Problem: The response must contain every line below in which "unfolding" appears.

Provided entries:
text \<open>
  m is an admissible value of n_j when n_i = p i for i < j: the j-th term is negligible after
  applying T^(n_i), and the earlier terms are negligible after applying T^m and dividing by a_j.
\<close>

definition admissible :: "nat \<Rightarrow> (nat \<Rightarrow> nat) \<Rightarrow> nat \<Rightarrow> bool" where
  "admissible j p m \<longleftrightarrow> p (j - 1) < m \<and>
     (\<forall>i<j. N (smul (a j) ((S ^^ (m - p i)) (xs j))) < tolerance i * (1/2)^j) \<and>
     inverse_scale_bound j * (\<Sum>k\<in>{1..<j}. N (smul (a k) ((T ^^ (m - p k)) (xs k)))) < 1 / (2 * real j)"

lemma admissible_cong:
  assumes "\<And>i. i < j \<Longrightarrow> p i = p' i" and "j \<ge> 1"
  shows "admissible j p m = admissible j p' m"
proof -
  have "(\<Sum>k\<in>{1..<j}. N (smul (a k) ((T ^^ (m - p k)) (xs k))))
      = (\<Sum>k\<in>{1..<j}. N (smul (a k) ((T ^^ (m - p' k)) (xs k))))"
    using assms(1) by (intro sum.cong) auto
  then show ?thesis
    unfolding admissible_def using assms by auto
qed

lemma eventually_admissible:
  assumes "j \<ge> 1"
  shows "eventually (admissible j p) sequentially"
proof -
  have shifted_null: "(\<lambda>m. N (smul c ((R ^^ (m - q)) x))) \<longlonglongrightarrow> 0"
    if "(\<lambda>m. N ((R ^^ m) x)) \<longlonglongrightarrow> 0" for R :: "'a \<Rightarrow> 'a" and c q x
    using filterlim_compose[OF that filterlim_minus_const_nat_at_top, of q]
    by (intro tendsto_N_scale) (simp add: o_def)
  have "\<forall>\<^sub>F m in sequentially. \<forall>i\<in>{..<j}. N (smul (a j) ((S ^^ (m - p i)) (xs j))) < tolerance i * (1/2)^j"
    using assms
    by (intro eventually_ball_finite ballI order_tendstoD(2)[OF shifted_null])
      (simp_all add: S_orbit_null xs_E0 tolerance_pos)
  moreover have "(\<lambda>m. inverse_scale_bound j * (\<Sum>k\<in>{1..<j}. N (smul (a k) ((T ^^ (m - p k)) (xs k))))) \<longlonglongrightarrow> 0"
    by (intro tendsto_mult_right_zero tendsto_null_sum shifted_null) (simp add: T_orbit_null xs_E0)
  then have "\<forall>\<^sub>F m in sequentially.
      inverse_scale_bound j * (\<Sum>k\<in>{1..<j}. N (smul (a k) ((T ^^ (m - p k)) (xs k)))) < 1 / (2 * real j)"
    by (rule order_tendstoD(2)) (use assms in simp)
  ultimately show ?thesis
    using eventually_gt_at_top[of "p (j - 1)"] unfolding admissible_def
    by eventually_elim auto
qed

lemma admissible_sequence_exists: "\<exists>n. n 0 = 0 \<and> (\<forall>j\<ge>1. admissible j n (n j))"
proof -
  define P where "P p j m \<longleftrightarrow> (if j = 0 then m = 0 else admissible j p m)" for p j m
  have "P p j m = P p' j m" if "\<And>i. (i, j) \<in> less_than \<Longrightarrow> p i = p' i" for p p' j m
    using that admissible_cong[of j p p' m] by (simp add: P_def)
  moreover have "\<exists>m. P p j m" for p j
    using eventually_admissible[of j p] by (cases "j = 0") (auto simp: P_def eventually_sequentially)
  ultimately obtain n where "\<forall>j. P n j (n j)"
    using dependent_wf_choice[OF wf_less_than, where P = P] by blast
  then show ?thesis
    by (metis P_def not_one_le_zero)
qed
(* Let $(X,\mathcal{B},\mu,T)$ be a rigid measure preserving system (with $\mu$ $\sigma$-finite on a standard space). Then every quasi-factor of $(X,\mathcal{B},\mu,T)$ is rigid.
   Context: A measure preserving system $(X,\mathcal{B},\mu,T)$ is rigid if there is a strictly increasing sequence $(n_k)_{k\ge0}$ of integers such that $T^{n_k}f\to f$ in $L^2(\mu)$ for all $f\in L^2(\mu)$ (equivalently, $\mu(T^{-n_k}A\triangle A)\to0$ for all $A\in\mathcal{B}$ of finite measure). $X^*$ denotes the set of all measures on $(X,\mathcal{B})$, with $\sigma$-algebra $\mathcal{B}^*$ generated by the sets $\{\gamma:\gamma(B)\in[a,b]\}$, $B\in\mathcal{B}$, $0\le a\le b\le\infty$, and $T_*\gamma=\gamma\circ T^{-1}$. A quasi-factor of $(X,\mathcal{B},\mu,T)$ is a probability preserving system $(X^*,\mathcal{B}^*,\xi,T_* )$ where $\xi$ is a $T_*$-invariant probability on $X^*$ with barycenter $\mu$, i.e. $\int f\,d\mu=\int\big(\int f\,d\gamma\big)d\xi(\gamma)$ for all $f\in L^1(\mu)$. *)

theory Defs
  imports "HOL-Probability.Probability"
begin

definition mps :: "'a measure \<Rightarrow> ('a \<Rightarrow> 'a) \<Rightarrow> bool" where
  "mps M T \<longleftrightarrow> T \<in> measurable M M \<and> distr M M T = M"

definition rigid :: "'a measure \<Rightarrow> ('a \<Rightarrow> 'a) \<Rightarrow> bool" where
  "rigid M T \<longleftrightarrow> (\<exists>n :: nat \<Rightarrow> nat. strict_mono n \<and>
     (\<forall>A \<in> sets M. emeasure M A < \<infinity> \<longrightarrow>
        ((\<lambda>k. emeasure M ((((T ^^ n k) -` A \<inter> space M) - A) \<union> (A - ((T ^^ n k) -` A \<inter> space M))))
          \<longlongrightarrow> 0) sequentially))"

Result of the exercise:
    unfolding admissible_def using assms by auto
    using eventually_gt_at_top[of "p (j - 1)"] unfolding admissible_def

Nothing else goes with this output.